Try it: Please find the lines in the following records that hold "also", and copy them.

Supplied records:
text \<open>\<open>proj_push_cum c \<gamma> e\<close> are the cumulative weights of \<open>\<Pi>\<^sub>\<C> (b\<^sub>c\<^sub>,\<^sub>\<gamma>)\<^sub>#e\<close> for a signed grid
  measure \<open>e\<close>.\<close>
definition proj_push_cum :: "real \<Rightarrow> real \<Rightarrow> (nat \<Rightarrow> real) \<Rightarrow> nat \<Rightarrow> real" where
  "proj_push_cum c \<gamma> e i = (\<Sum>l=1..N. e l * proj_cdf (c + \<gamma> * z l) i)"

lemma proj_push_cum_N: "proj_push_cum c \<gamma> e N = cum e N"
  by (simp add: proj_push_cum_def proj_cdf_def cum_def)

lemma sum_proj_push_cum_sq_le:
  assumes \<gamma>: "0 \<le> \<gamma>" "\<gamma> \<le> 1" and mass: "cum e N = 0"
  shows "(\<Sum>i=1..N-1. (proj_push_cum c \<gamma> e i)\<^sup>2) \<le> \<gamma> * cum_energy e"
proof -
  define t where "t l = grid_pos (c + \<gamma> * z l)" for l
  define f where "f i l = unit_clip (real i - t l)" for i l
  define a where "a i l = f i l - f i (Suc l)" for i l
  have t_Suc: "t (Suc l) = t l + \<gamma>" for l
    using dz_pos by (simp add: t_def grid_pos_def z_Suc field_simps)
  have push: "proj_push_cum c \<gamma> e i = (\<Sum>l=1..N-1. a i l * cum e l)" if "i \<in> {1..N-1}" for i
  proof -
    have "proj_cdf (c + \<gamma> * z l) i = f i l" for l
      using that by (auto simp: proj_cdf_def f_def t_def)
    then have "proj_push_cum c \<gamma> e i = (\<Sum>l=1..N. e l * f i l)"
      by (simp add: proj_push_cum_def)
    also have "\<dots> = (\<Sum>l=1..N-1. cum e l * a i l)"
      by (subst sum_mult_eq_cum_by_parts) (simp add: mass a_def)
    finally show ?thesis
      by (simp add: mult.commute)
  qed
  have "(\<Sum>i=1..N-1. (proj_push_cum c \<gamma> e i)\<^sup>2) = (\<Sum>i=1..N-1. (\<Sum>l=1..N-1. a i l * cum e l)\<^sup>2)"
    by (intro sum.cong refl) (simp add: push)
  also have "\<dots> \<le> \<gamma> * cum_energy e"
    unfolding cum_energy_def
  proof (rule Schur_test_sum_square_le)
    \<comment> \<open>Rows telescope; a column sum is the clipped mass lost by a shift of \<open>\<gamma>\<close> grid units.\<close>
    fix i l
    show "0 \<le> a i l"
      using \<gamma> by (simp add: a_def f_def t_Suc unit_clip_def)
    have "(\<Sum>l=1..N-1. a i l) = (\<Sum>l=1..N-1. (- f i (Suc l)) - (- f i l))"
      by (simp add: a_def)
    also have "\<dots> = f i 1 - f i N"
      using N_ge_2 by (subst sum_Suc_diff) auto
    finally show "(\<Sum>l=1..N-1. a i l) \<le> 1"
      by (simp add: f_def unit_clip_def)
    have "(\<Sum>i=1..N-1. a i l)
        = (\<Sum>i=1..N-1. unit_clip (real i - t l)) - (\<Sum>i=1..N-1. unit_clip (real i - (t l + \<gamma>)))"
      by (simp add: a_def f_def t_Suc sum_subtractf)
    then show "(\<Sum>i=1..N-1. a i l) \<le> \<gamma>"
      using \<gamma> unfolding sum_unit_clip_shift by linarith
  qed
  finally show ?thesis .
qed

lemma power_mult_less_sq_of_kappa:
  assumes \<gamma>: "0 < \<gamma>" "\<gamma> < 1" and "0 \<le> \<delta>" "0 < \<epsilon>"
    and \<kappa>: "\<delta> = 0 \<or> ln (real N * \<delta> / (\<epsilon>\<^sup>2 * (zmax - zmin))) / (real N * ln (1 / \<gamma>)) < \<kappa>"
    and k: "\<kappa> * real N \<le> real k"
  shows "\<gamma> ^ k * (\<delta> / dz) < \<epsilon>\<^sup>2"
proof (cases "\<delta> = 0")
  case True
  with \<open>0 < \<epsilon>\<close> show ?thesis by simp
next
  case False
  define c where "c = real N * \<delta> / (\<epsilon>\<^sup>2 * (zmax - zmin))"
  have "0 < c"
    using False \<open>0 \<le> \<delta>\<close> \<open>0 < \<epsilon>\<close> N_ge_2 zmin_less_zmax by (simp add: c_def)
  have "\<gamma> ^ k * c < 1"
    using \<gamma> \<open>0 < c\<close> N_ge_2 \<kappa> False k by (intro power_mult_less_one_of_ln_bound) (auto simp: c_def)
  have "\<delta> / dz = (real N - 1) * \<delta> / (zmax - zmin)"
    using N_ge_2 by (simp add: dz_def)
  also have "\<dots> \<le> real N * \<delta> / (zmax - zmin)"
    using \<open>0 \<le> \<delta>\<close> zmin_less_zmax by (intro divide_right_mono mult_right_mono) auto
  also have "\<dots> = c * \<epsilon>\<^sup>2"
    using \<open>0 < \<epsilon>\<close> by (simp add: c_def)
  finally have "\<gamma> ^ k * (\<delta> / dz) \<le> \<gamma> ^ k * (c * \<epsilon>\<^sup>2)"
    using \<gamma> by (intro mult_left_mono) simp_all
  also have "\<dots> < \<epsilon>\<^sup>2"
    using mult_strict_right_mono[OF \<open>\<gamma> ^ k * c < 1\<close>, of "\<epsilon>\<^sup>2"] \<open>0 < \<epsilon>\<close> by (simp add: mult.assoc)
  finally show ?thesis .
qed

Answer section:
    also have "\<dots> = (\<Sum>l=1..N-1. cum e l * a i l)"
  also have "\<dots> \<le> \<gamma> * cum_energy e"
    also have "\<dots> = f i 1 - f i N"
  also have "\<dots> \<le> real N * \<delta> / (zmax - zmin)"
  also have "\<dots> = c * \<epsilon>\<^sup>2"
  also have "\<dots> < \<epsilon>\<^sup>2"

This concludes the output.